In Philadelphia & R. Ry. v. Marland, 239 F. 1 (3d Cir. 1917), cert. denied, 245 U.S. 671, 38 S.Ct. 191, 62 L.Ed. 540 (1918), the court was confronted with a death action under FELA. It was held that the Act authorized recovery only for pecuniary loss, and that, accordingly, the widow and children of the deceased brakeman could not recover for funeral expenses. In so holding, the court observed that such expenses were chargeable only to decedent's estate. It further held that the measure of damages is the pecuniary loss resulting from death, and is usually limited to loss of support, and conscious pain and suffering endured by the decedent. Following this decision are Heffner v. Pennsylvania R.R., 81 F.2d 28 (2d Cir. 1936); Montellier v. United States, 202 F.Supp. 384 (E.D.N.Y.1962). See also Dow v. Carnegie-Illinois Steel Corp., 165 F.2d 777 (3d Cir. 1948), and First Nat. Bank in Greenwich v. National Airlines, Inc., 171 F.Supp. 528 (S.D.N.Y.1958).

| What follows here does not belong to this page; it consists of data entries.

text \<open>The 4 extra dimensions supply the k^4 candidates that the denial strategy needs in
  every round.\<close>

lemma linear_family_bounds:
  assumes k: "prime k" "5 \<le> k" and dec: "zvecs k (k + 4) \<subseteq> dec ` X"
  defines "F \<equiv> lin_fun k (k + 4) dec ` zvecs k (k + 4)"
  shows "opt_std X {..<k} F \<le> enat (k + 4)"
    and "enat (nat \<lfloor>real k * (real k - 2) * ln (real k)\<rfloor>) \<le> opt_ag X {..<k} F eta"
    and "enat ((k - 1) * (eta + 1)) \<le> opt_ag X {..<k} F eta"
proof -
  show "opt_std X {..<k} F \<le> enat (k + 4)"
    unfolding F_def by (rule opt_std_lin_funs_le[OF k(1) dec])
  have "real k ^ 4 * 1 \<le> real k ^ 4 * (real k ^ k * (1 - 1 / k - 1 / k ^ 2) ^ nat \<lfloor>real k * (real k - 2) * ln (real k)\<rfloor>)"
    using shrink_factor_pow_ge[OF k(2)] by (intro mult_left_mono) simp_all
  then show "enat (nat \<lfloor>real k * (real k - 2) * ln (real k)\<rfloor>) \<le> opt_ag X {..<k} F eta"
    unfolding F_def by (intro opt_ag_lin_funs_ge_by_denial[OF k(1) dec]) (simp add: power_add mult_ac)
  show "enat ((k - 1) * (eta + 1)) \<le> opt_ag X {..<k} F eta"
    unfolding F_def by (rule opt_ag_lin_funs_ge_by_lying[OF k(1) dec]) simp
qed

theorem mainTheorem7:
  shows "\<exists>\<epsilon> :: nat \<Rightarrow> real. \<epsilon> \<longlonglongrightarrow> 0 \<and>
    (\<forall>k::nat. prime k \<and> 5 \<le> k \<longrightarrow>
      (\<exists>(X :: nat set) (F :: (nat \<Rightarrow> nat) set).
         (\<forall>f\<in>F. \<forall>x\<in>X. f x < k) \<and>
         opt_std X {..<k} F \<noteq> \<infinity> \<and>
         (\<forall>eta::nat.
            ereal ((1/2 - \<epsilon> k) *
               ((real k * ln (real k)) * real (the_enat (opt_std X {..<k} F)) + real k * real eta))
            \<le> ereal_of_enat (opt_ag X {..<k} F eta))))"
proof (rule exI[of _ "\<lambda>k. 4 / real k"], intro conjI allI impI, goal_cases)
  case 1
  show ?case
    using tendsto_mult_left_zero[OF lim_inverse_n', of 4] by simp
next
  case (2 k)
  then have k: "prime k" "5 \<le> k" by simp_all
  define X where "X = {0..<card (zvecs k (k + 4))}"
  obtain dec :: "nat \<Rightarrow> nat \<Rightarrow> int" where "bij_betw dec X (zvecs k (k + 4))"
    unfolding X_def using ex_bij_betw_nat_finite[OF finite_zvecs] by blast
  then have dec: "zvecs k (k + 4) \<subseteq> dec ` X" by (simp add: bij_betw_def)
  define F where "F = lin_fun k (k + 4) dec ` zvecs k (k + 4)"
  note bounds = linear_family_bounds[OF k dec, folded F_def]
  obtain j where j: "opt_std X {..<k} F = enat j" "j \<le> k + 4"
    using bounds(1) by (metis enat_ile enat_ord_simps(1))
  have "\<forall>f\<in>F. \<forall>x\<in>X. f x < k"
    using k lin_fun_less prime_gt_0_nat by (auto simp: F_def)
  moreover have "ereal ((1/2 - 4 / real k) *
      ((real k * ln (real k)) * real (the_enat (opt_std X {..<k} F)) + real k * real eta))
    \<le> ereal_of_enat (opt_ag X {..<k} F eta)" for eta
    using ereal_le_of_enat_max[OF bounds(2,3) scaled_bound_le_max] j k by simp
  ultimately show ?case using j(1) by blast
qed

Plaintiff relies upon Moore v. The O/S Fram, 226 F.Supp. 816 (S.D.Tex.1963), aff'd., 328 F.2d 868 (5 Cir. 1964), in which the trial court allowed a common law wife funeral expenses in a suit brought under the Jones Act and the Death on High Seas Act. The trial judge apparently based his decision on the assumption that under Texas law the wife became legally obligated for the funeral expenses. Without expressing an opinion as to Texas law on this point, it appears clear that in Louisiana the estate, and not the surviving widow, is liable for funeral expenses. Womack v. McCook Bros. Funeral Home, 194 La. 296, 193 So. 652 (1940); Maggio v. Papa, 206 La. 38, 18 So.2d 645 (1944). Moore was affirmed by this Court in a per curiam opinion without any specific mention of funeral expenses, and it can only be assumed that the question was not raised or considered on appeal. We do not regard Moore as casting doubt on the rule enunciated in the present opinion.
The case is in all respects affirmed, with the exception of the award of damages for funeral expenses, and is remanded for the purpose of enabling the trial judge to modify the judgment relative to funeral expenses in accordance with the present opinion.